Embora não seja novidade para a doutrina e para jurisprudência, o dispositivo em comento demonstra a intenção do legislador em despertar no julgador a necessidade de aprimoramento da fundamentação das decisões judiciais, especialmente quando se deparar com enunciados normativos abertos e princípios jurídicos[29], bem como possibilitar o exercício do controle sobre a correta aplicação da jurisprudência.
De outra sorte, o enunciado do art. 489, CPC, obriga o julgador a, sempre que invocar ou afastar algum precedente ou enunciado de súmula na decisão, extrair previamente a ratio decidendi deles, ou seja, os motivos necessários e imprescindíveis que deram amparo ao precedente ou enunciado de súmula utilizado. Deverá também, o juiz, demonstrar em sua fundamentação a aplicabilidade, no caso concreto, da ratio decidendi analisada.
Embora muito criticado pelos magistrados, sob a argumentação de que os requisitos exigidos pelo dispositivo em comento impactariam negativamente a gestão e decisão dos processos. No entanto, acertadamente procedeu o Legislativo ao impedir a emissão de fundamentações vazias, insuficientes, defensivas e, portanto, incompatíveis com o Estado Democrático de Direito.
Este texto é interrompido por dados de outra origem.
(* Prescribed distances d i to finitely many points p i can only be realised by a point if they
   are Katetov: |d i - d j| <= dist (p i) (p j) <= d i + d j. Universality of r says precisely that
   Katetov data on e 1, ..., e L is approximately realised by some e m; via the extension
   x |-> min_i (d i + dist x (p i)) and density of the e m, Katetov data on arbitrary points is
   approximately realised too. Completeness upgrades this to exact realisation: adjoining the
   current approximation y as a new point with prescribed distance max_i |dist y (p i) - d i| keeps
   the data Katetov, so the next approximation can be taken close to y, and the approximations
   form a Cauchy sequence. Each column of q is Katetov data for the points already placed, so
   a (n+1), ..., a N can be added one at a time. *)

definition katetov :: "'i set \<Rightarrow> ('i \<Rightarrow> 'a::metric_space) \<Rightarrow> ('i \<Rightarrow> real) \<Rightarrow> bool" where
  "katetov I p d \<longleftrightarrow>
     (\<forall>i\<in>I. \<forall>j\<in>I. \<bar>d i - d j\<bar> \<le> dist (p i) (p j) \<and> dist (p i) (p j) \<le> d i + d j)"

lemma katetovD:
  assumes "katetov I p d" "i \<in> I" "j \<in> I"
  shows "\<bar>d i - d j\<bar> \<le> dist (p i) (p j)" "dist (p i) (p j) \<le> d i + d j"
  using assms unfolding katetov_def by auto

lemma katetov_insertI:
  assumes kat: "katetov I p d" and k: "k \<notin> I" and h: "0 \<le> h"
    and new: "\<And>i. i \<in> I \<Longrightarrow> \<bar>d i - h\<bar> \<le> dist (p i) y \<and> dist (p i) y \<le> d i + h"
  shows "katetov (insert k I) (p(k := y)) (d(k := h))"
  unfolding katetov_def
proof (intro ballI)
  fix i j assume "i \<in> insert k I" "j \<in> insert k I"
  with k show "\<bar>(d(k := h)) i - (d(k := h)) j\<bar> \<le> dist ((p(k := y)) i) ((p(k := y)) j) \<and>
      dist ((p(k := y)) i) ((p(k := y)) j) \<le> (d(k := h)) i + (d(k := h)) j"
    using katetovD[OF kat] new[of i] new[of j] h
    by (auto simp: dist_commute abs_minus_commute)
qed

definition katetov_defect :: "'i set \<Rightarrow> ('i \<Rightarrow> 'a::metric_space) \<Rightarrow> ('i \<Rightarrow> real) \<Rightarrow> 'a \<Rightarrow> real" where
  "katetov_defect I p d y = Max ((\<lambda>i. \<bar>dist y (p i) - d i\<bar>) ` I)"

lemma katetov_defect_ge: "finite I \<Longrightarrow> i \<in> I \<Longrightarrow> \<bar>dist y (p i) - d i\<bar> \<le> katetov_defect I p d y"
  unfolding katetov_defect_def by simp

lemma katetov_defect_less_iff:
  "finite I \<Longrightarrow> I \<noteq> {} \<Longrightarrow> katetov_defect I p d y < c \<longleftrightarrow> (\<forall>i\<in>I. \<bar>dist y (p i) - d i\<bar> < c)"
  unfolding katetov_defect_def by simp

lemma katetov_defect_attained:
  "finite I \<Longrightarrow> I \<noteq> {} \<Longrightarrow> \<exists>i\<in>I. katetov_defect I p d y = \<bar>dist y (p i) - d i\<bar>"
  unfolding katetov_defect_def by (metis (no_types, lifting) Max_in finite_imageI image_iff image_is_empty)

lemma katetov_insert_defect:
  assumes fin: "finite I" and ne: "I \<noteq> {}" and kat: "katetov I p d" and k: "k \<notin> I"
  shows "katetov (insert k I) (p(k := y)) (d(k := katetov_defect I p d y))"
proof (rule katetov_insertI[OF kat k])
  let ?h = "katetov_defect I p d y"
  obtain j where j: "j \<in> I" "?h = \<bar>dist y (p j) - d j\<bar>"
    using katetov_defect_attained[OF fin ne] by blast
  then show "0 \<le> ?h" by simp
  fix i assume i: "i \<in> I"
  have "\<bar>dist y (p i) - d i\<bar> \<le> ?h" using katetov_defect_ge[OF fin i] .
  moreover have "\<bar>d i - d j\<bar> \<le> dist (p i) (p j)" "dist (p i) (p j) \<le> d i + d j"
    using katetovD[OF kat i j(1)] by auto
  moreover have "dist y (p j) \<le> dist y (p i) + dist (p i) (p j)" by (rule dist_triangle)
  moreover have "dist (p i) (p j) \<le> dist (p i) y + dist y (p j)" by (rule dist_triangle)
  ultimately show "\<bar>d i - ?h\<bar> \<le> dist (p i) y \<and> dist (p i) y \<le> d i + ?h"
    using j(2) by (auto simp: dist_commute abs_le_iff)
qed

definition katetov_ext :: "'i set \<Rightarrow> ('i \<Rightarrow> 'a::metric_space) \<Rightarrow> ('i \<Rightarrow> real) \<Rightarrow> 'a \<Rightarrow> real" where
  "katetov_ext I p d x = Min ((\<lambda>i. d i + dist x (p i)) ` I)"
(* Let $\Omega\subset\mathbb{R}^n$ be a bounded domain with smooth boundary and outer unit normal $\nu$, let $\vec f:\Omega\times\mathbb{R}\times[0,\infty)\to\mathbb{R}^{n+1}$ be bounded and continuous, let $T>0$, and let $u\in C^{2,1}(Q_T)$, $Q_T=\Omega\times(0,T)$, be a solution of \[ \begin{aligned} \frac{\partial_t u}{\sqrt{1+|du|^2}}&=\operatorname{div}\Big(\frac{du}{\sqrt{1+|du|^2}}\Big)+\vec f(x,u,t)\cdot\frac{(-du,1)}{\sqrt{1+|du|^2}}, && x\in\Omega,\ 0<t<T,\\ du\cdot\nu\big|_{\partial\Omega}&=0, && 0<t<T,\\ u(x,0)&=u_0(x), && x\in\Omega . \end{aligned} \] Then \[ \sup_{Q_T}|u|\le \Big(\sup_{\Omega\times\mathbb{R}\times[0,T]}|\vec f|\Big)\,T+\sup_{\Omega}|u_0| . \]
   Context: $C^{2,1}(Q_T)$ denotes functions twice continuously differentiable in $x$ and once in $t$; the solution is understood to be regular enough up to $\partial\Omega$ and $t=0$ for the boundary and initial conditions to hold classically. *)

theory Defs
  imports "HOL-Analysis.Analysis"
begin

definition grad :: "((real^'n) \<Rightarrow> real) \<Rightarrow> (real^'n) \<Rightarrow> (real^'n)" where
  "grad f x = (\<chi> i. frechet_derivative f (at x) (axis i 1))"

definition divergence :: "((real^'n) \<Rightarrow> (real^'n)) \<Rightarrow> (real^'n) \<Rightarrow> real" where
  "divergence F x = (\<Sum>i\<in>UNIV. frechet_derivative F (at x) (axis i 1) $ i)"

fun Ck_on :: "nat \<Rightarrow> ((real^'n) \<Rightarrow> real) \<Rightarrow> (real^'n) set \<Rightarrow> bool" where
  "Ck_on 0 f S = continuous_on S f"
| "Ck_on (Suc k) f S = (continuous_on S f \<and> (\<forall>x\<in>S. f differentiable (at x)) \<and>
      (\<forall>i. Ck_on k (\<lambda>x. frechet_derivative f (at x) (axis i 1)) S))"

definition smooth_on :: "(real^'n) set \<Rightarrow> ((real^'n) \<Rightarrow> real) \<Rightarrow> bool" where
  "smooth_on S f = (\<forall>k. Ck_on k f S)"

text \<open>Omega has smooth boundary with outer unit normal nu: Omega is the sublevel set
  {rho < 0} of a smooth defining function rho with nonvanishing gradient on {rho = 0}
  (= the boundary), and nu is the normalised gradient of rho there.\<close>
definition smooth_boundary_normal :: "(real^'n) set \<Rightarrow> ((real^'n) \<Rightarrow> (real^'n)) \<Rightarrow> bool" where
  "smooth_boundary_normal \<Omega> \<nu> = (\<exists>\<rho>. smooth_on UNIV \<rho> \<and> \<Omega> = {x. \<rho> x < 0} \<and>
      (\<forall>x. \<rho> x = 0 \<longrightarrow> grad \<rho> x \<noteq> 0) \<and>
      (\<forall>x\<in>frontier \<Omega>. \<nu> x = grad \<rho> x /\<^sub>R norm (grad \<rho> x)))"

definition dx :: "((real^'n) \<times> real \<Rightarrow> real) \<Rightarrow> (real^'n) \<times> real \<Rightarrow> (real^'n)" where
  "dx u p = grad (\<lambda>y. u (y, snd p)) (fst p)"

definition dt :: "((real^'n) \<times> real \<Rightarrow> real) \<Rightarrow> (real^'n) \<times> real \<Rightarrow> real" where
  "dt u p = deriv (\<lambda>s. u (fst p, s)) (snd p)"

definition C21_on :: "((real^'n) \<times> real) set \<Rightarrow> ((real^'n) \<times> real \<Rightarrow> real) \<Rightarrow> bool" where
  "C21_on Q u = (continuous_on Q u \<and>
     (\<forall>(x,t)\<in>Q. (\<lambda>y. u (y,t)) differentiable (at x) \<and> (\<lambda>s. u (x,s)) differentiable (at t) \<and>
        (\<forall>i. (\<lambda>y. dx u (y,t) $ i) differentiable (at x))) \<and>
     continuous_on Q (dt u) \<and> continuous_on Q (dx u) \<and>
     (\<forall>i j. continuous_on Q (\<lambda>(x,t). grad (\<lambda>y. dx u (y,t) $ i) x $ j)))"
Por fim, o Código de Processo Civil de 2015 estabelece que fundamentações padronizadas e sem o enfrentamento dos argumentos das partes, não serão válidas. Da mesma forma, não se deve admitir meras reproduções de textos da lei ou enunciados de súmulas da jurisprudência dos Tribunais. O que o dispositivo exige é a completa e suficiente discussão da tese jurídica a incidir sobre as especificidades do caso.[30]